Neurodegeneration Imaging Group, Department of Basic and Clinical Neuroscience, Institute of Psychiatry, Psychology and Neuroscience, King's College London, London, UK.
Department of Psychosis Studies, Institute of Psychiatry Psychology and Neuroscience, King's College London, London, UK.
J Neurol Neurosurg Psychiatry. 2018 Feb;89(2):185-196. doi: 10.1136/jnnp-2017-316633. Epub 2017 Sep 9.
Over the past years, positron emission tomography (PET) imaging studies have investigated striatal molecular changes in premanifest and manifest Huntington's disease (HD) gene expansion carriers (HDGECs), but they have yielded inconsistent results.
To systematically examine the evidence of striatal molecular alterations in manifest and premanifest HDGECs as measured by PET imaging studies.
MEDLINE, ISI Web of Science, Cochrane Library and Scopus databases were searched for articles published until 7 June 2017 that included PET studies in manifest and premanifest HDGECs. Meta-analyses were conducted with random effect models, and heterogeneity was addressed with I index, controlling for publication bias and quality of study. The primary outcome was the standardised mean difference (SMD) of PET uptakes in the whole striatum, caudate and putamen in manifest and premanifest HDGECs compared with healthy controls (HCs).
Twenty-four out of 63 PET studies in premanifest (n=158) and manifest (n=191) HDGECs and HCs (n=333) were included in the meta-analysis.
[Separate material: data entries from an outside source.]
lemma nn_integral_gaussian_moment3:
  fixes a :: real
  assumes "a > 0"
  shows "(\<integral>\<^sup>+u. ennreal (u^3 * exp (- (a * u^2) / 2)) * indicator {0..} u \<partial>lborel) = ennreal (2 / a^2)"
proof -
  have "(\<integral>\<^sup>+u. ennreal (u^3 * exp (- (a * u^2) / 2)) * indicator {0..} u \<partial>lborel)
      = ennreal (0 - (- (a * 0^2 + 2) / a^2 * exp (- (a * 0^2) / 2)))"
  proof (rule nn_integral_FTC_atLeast)
    fix x :: real assume "0 \<le> x"
    show "DERIV (\<lambda>u. - (a * u^2 + 2) / a^2 * exp (- (a * u^2) / 2)) x :> x^3 * exp (- (a * x^2) / 2)"
      using assms
      by (auto intro!: derivative_eq_intros simp: field_simps power2_eq_square power3_eq_cube)
    show "0 \<le> x^3 * exp (- (a * x^2) / 2)" using \<open>0 \<le> x\<close> by simp
  next
    show "((\<lambda>u. - (a * u^2 + 2) / a^2 * exp (- (a * u^2) / 2)) \<longlongrightarrow> 0) at_top"
      using assms by real_asymp
  qed measurable
  then show ?thesis by simp
qed

lemma borel_measurable_inverse_one_plus_power2 [measurable]:
  "(\<lambda>w::real. 1 / (1 + w^2) ^ n) \<in> borel_measurable borel"
proof -
  have "(1 + w^2) ^ n \<noteq> 0" for w :: real
    using one_plus_power2_pos[of w] by simp
  then show ?thesis
    by (intro borel_measurable_continuous_onI continuous_on_divide continuous_intros) auto
qed

lemma nn_integral_inverse_one_plus_power2:
  "(\<integral>\<^sup>+w. ennreal (1 / (1 + w^2)) * indicator {s..} w \<partial>lborel) = ennreal (pi/2 - arctan s)"
proof (rule nn_integral_FTC_atLeast)
  show "(\<lambda>w::real. 1 / (1 + w^2)) \<in> borel_measurable borel"
    using borel_measurable_inverse_one_plus_power2[of 1] by simp
  fix x :: real
  show "DERIV arctan x :> 1 / (1 + x^2)"
    using DERIV_arctan[of x] by (simp add: divide_inverse)
  show "0 \<le> 1 / (1 + x^2)" using one_plus_power2_pos[of x] by simp
qed (rule tendsto_arctan_at_top)

lemma nn_integral_inverse_one_plus_power2_squared:
  "(\<integral>\<^sup>+w. ennreal (1 / (1 + w^2)^2) * indicator {s..} w \<partial>lborel)
   = ennreal ((pi/2 - arctan s - s / (1 + s^2)) / 2)"
proof -
  have "(\<integral>\<^sup>+w. ennreal (1 / (1 + w^2)^2) * indicator {s..} w \<partial>lborel)
      = ennreal (0 - (- (pi/2 - arctan s - s / (1 + s^2)) / 2))"
  proof (rule nn_integral_FTC_atLeast)
    fix x :: real
    show "DERIV (\<lambda>w. - (pi/2 - arctan w - w / (1 + w^2)) / 2) x :> 1 / (1 + x^2)^2"
      using DERIV_cdivide[OF DERIV_minus[OF DERIV_arctan_tail[of x]], of 2] by simp
    show "0 \<le> 1 / (1 + x^2)^2" by simp
  next
    show "((\<lambda>w. - (pi/2 - arctan w - w / (1 + w^2)) / 2) \<longlongrightarrow> 0) at_top"
      using tendsto_divide[OF tendsto_minus[OF arctan_tail_tendsto] tendsto_const[of 2]] by simp
  qed measurable
  then show ?thesis by (simp only: diff_0 minus_divide_left minus_minus)
qed

lemma ennreal_power_Phi_phi_eq_nn_integral:
  "ennreal (indicator {0<..} u * (u^k * Phi (- (u * s)) * phi u))
   = (\<integral>\<^sup>+w. ennreal (indicator {0<..} u * u ^ Suc k * phi u * phi (u * w) * indicator {s..} w) \<partial>lborel)"
proof (cases "u > 0")
  case True
  have "ennreal (indicator {0<..} u * (u^k * Phi (- (u * s)) * phi u))
      = ennreal (u^k * phi u) * ennreal (Phi (- (u * s)))"
    using True by (simp add: ennreal_mult'[symmetric] Phi_nonneg phi_nonneg mult_ac)
  also have "\<dots> = ennreal (u^k * phi u) * ennreal u * (\<integral>\<^sup>+w. ennreal (phi (u * w) * indicator {s..} w) \<partial>lborel)"
    by (simp add: ennreal_Phi_scaled[OF True] mult.assoc)
  also have "ennreal (u^k * phi u) * ennreal u = ennreal (u ^ Suc k * phi u)"
    using True by (simp add: ennreal_mult'[symmetric] phi_nonneg mult_ac)
  also have "ennreal (u ^ Suc k * phi u) * (\<integral>\<^sup>+w. ennreal (phi (u * w) * indicator {s..} w) \<partial>lborel)
      = (\<integral>\<^sup>+w. ennreal (u ^ Suc k * phi u) * ennreal (phi (u * w) * indicator {s..} w) \<partial>lborel)"
    by (rule nn_integral_cmult[symmetric]) measurable
  also have "\<dots> = (\<integral>\<^sup>+w. ennreal (indicator {0<..} u * u ^ Suc k * phi u * phi (u * w) * indicator {s..} w) \<partial>lborel)"
    using True by (intro nn_integral_cong) (simp add: ennreal_mult'[symmetric] phi_nonneg mult_ac)
  finally show ?thesis .
qed simp

lemma nn_integral_power_phi_phi_in_u:
  "(\<integral>\<^sup>+u. ennreal (indicator {0<..} u * u ^ Suc k * phi u * phi (u * w) * indicator {s..} w) \<partial>lborel)
   = ennreal (1 / (2 * pi)) *
     ((\<integral>\<^sup>+u. ennreal (u ^ Suc k * exp (- ((1 + w^2) * u^2) / 2)) * indicator {0..} u \<partial>lborel)
      * indicator {s..} w)"
proof -
  let ?g = "\<lambda>u. ennreal (u ^ Suc k * exp (- ((1 + w^2) * u^2) / 2)) * indicator {0..} u"
  have "ennreal (indicator {0<..} u * u ^ Suc k * phi u * phi (u * w) * indicator {s..} w)
      = ennreal (1 / (2 * pi)) * ?g u * indicator {s..} w" for u
  proof (cases "u > 0")
    case True
    then show ?thesis
      by (simp add: mult.assoc phi_mult_phi ennreal_mult'[symmetric] split: split_indicator)
  next
    case False
    then show ?thesis by (cases "u = 0") (auto simp: indicator_def)
  qed
  then have "(\<integral>\<^sup>+u. ennreal (indicator {0<..} u * u ^ Suc k * phi u * phi (u * w) * indicator {s..} w) \<partial>lborel)
      = (\<integral>\<^sup>+u. ennreal (1 / (2 * pi)) * ?g u * indicator {s..} w \<partial>lborel)"
    by (intro nn_integral_cong) simp
  also have "\<dots> = (\<integral>\<^sup>+u. ennreal (1 / (2 * pi)) * ?g u \<partial>lborel) * indicator {s..} w"
    by (rule nn_integral_multc) measurable
  also have "\<dots> = ennreal (1 / (2 * pi)) * (\<integral>\<^sup>+u. ?g u \<partial>lborel) * indicator {s..} w"
    by (subst nn_integral_cmult) auto
  finally show ?thesis
    by (simp only: mult.assoc)
qed
lemma gen_diag_zero_top_slice:
  assumes A: "gen_diag_zero n (Suc e) A" and k: "k < n"
  shows "gen_diag_zero k e (top_slice A k)"
  unfolding gen_diag_zero_def
proof (intro ballI impI)
  fix ks
  assume ks: "ks \<in> tensor_indices k e" and nd: "\<not> distinct ks"
  have "A (insert_nth j k ks) = 0" if "j \<le> length ks" for j
  proof -
    have "(k, ks, j) \<in> top_triples n e"
      using ks k that by (auto simp: top_triples_def tensor_indices_def)
    then have "insert_nth j k ks \<in> tensor_indices n (Suc e)"
      using insert_triple_in_tensor_indices[of "(k, ks, j)"] by (simp add: insert_triple_def)
    moreover have "\<not> distinct (insert_nth j k ks)"
      using nd distinct_insert_nthD[of j k ks] by blast
    ultimately show ?thesis
      using A by (simp add: gen_diag_zero_def)
  qed
  then show "top_slice A k ks = 0"
    by (simp add: top_slice_def)
qed

lemma hs_norm_nonneg: "0 \<le> hs_norm n d A"
  by (simp add: hs_norm_def sum_nonneg)

lemma hs_norm_sq: "(hs_norm n d A)\<^sup>2 = (\<Sum>ks\<in>tensor_indices n d. (A ks)\<^sup>2)"
  unfolding hs_norm_def by (simp add: sum_nonneg)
Premanifest and manifest HDGECs showed significant decreases in dopamine D receptors in caudate (SMD=-1.233, 95% CI -1.753 to -0.713, p<0.0001; SMD=-5.792, 95% CI -7.695 to -3.890, p<0.0001) and putamen (SMD=-1.479, 95% CI -1.965 to -0.992, p<0.0001; SMD=-5.053, 95% CI -6.558 to -3.549, p<0.0001), in glucose metabolism in caudate (SMD=-0.758, 95% CI -1.139 to -0.376, p<0.0001; SMD=-3.738, 95% CI -4.880 to -2.597, p<0.0001) and putamen (SMD=-2.462, 95% CI -4.208 to -0.717, p=0.006; SMD=-1.650, 95% CI -2.842 to -0.458, p<0.001) and in striatal PDE10A binding (SMD=-1.663, 95% CI -2.603 to -0.723, p=0.001; SMD=-2.445, 95% CI -3.371 to -1.519, p<0.001).
PET imaging has the potential to detect striatal molecular changes even at the early premanifest stage of HD, which are relevant to the neuropathological mechanisms underlying the development of the disease.
在过去的几年中,正电子发射断层扫描(PET)成像研究已经研究了前显型和显型亨廷顿病(HD)基因扩展携带者(HDGEC)中的纹状体分子变化,但结果不一致。
系统检查通过 PET 成像研究在显型和前显型 HDGEC 中测量的纹状体分子改变的证据。
在 2017 年 6 月 7 日之前,在 MEDLINE、ISI Web of Science、Cochrane Library 和 Scopus 数据库中搜索了包括在显型和前显型 HDGEC 中进行的 PET 研究的文章。使用随机效应模型进行荟萃分析,并使用 I 指数解决异质性,控制发表偏倚和研究质量。主要结果是在显型和前显型 HDGEC 与健康对照组(HC)相比,整个纹状体、尾状核和壳核中的 PET 摄取的标准化均数差(SMD)。
在包括 158 名前显型和 191 名显型 HDGEC 以及 333 名 HC 的 63 项 PET 研究中,有 24 项研究被纳入荟萃分析。前显型和显型 HDGEC 的尾状核和壳核中的多巴胺 D 受体明显减少(SMD=-1.233,95%CI-1.753 至-0.713,p<0.0001;SMD=-5.792,95%CI-7.695 至-3.890,p<0.0001)和壳核(SMD=-1.479,95%CI-1.965 至-0.992,p<0.0001;SMD=-5.053,95%CI-6.558 至-3.549,p<0.0001),尾状核和壳核的葡萄糖代谢明显减少(SMD=-0.758,95%CI-1.139 至-0.376,p<0.0001;SMD=-3.738,95%CI-4.880 至-2.597,p<0.0001)和壳核(SMD=-2.462,95%CI-4.208 至-0.717,p=0.006;SMD=-1.650,95%CI-2.842 至-0.458,p<0.001)和纹状体 PDE10A 结合(SMD=-1.663,95%CI-2.603 至-0.723,p=0.001;SMD=-2.445,95%CI-3.371 至-1.519,p<0.001)。
即使在 HD 的早期前显型阶段,PET 成像也具有检测纹状体分子变化的潜力,这与疾病发展的神经病理学机制有关。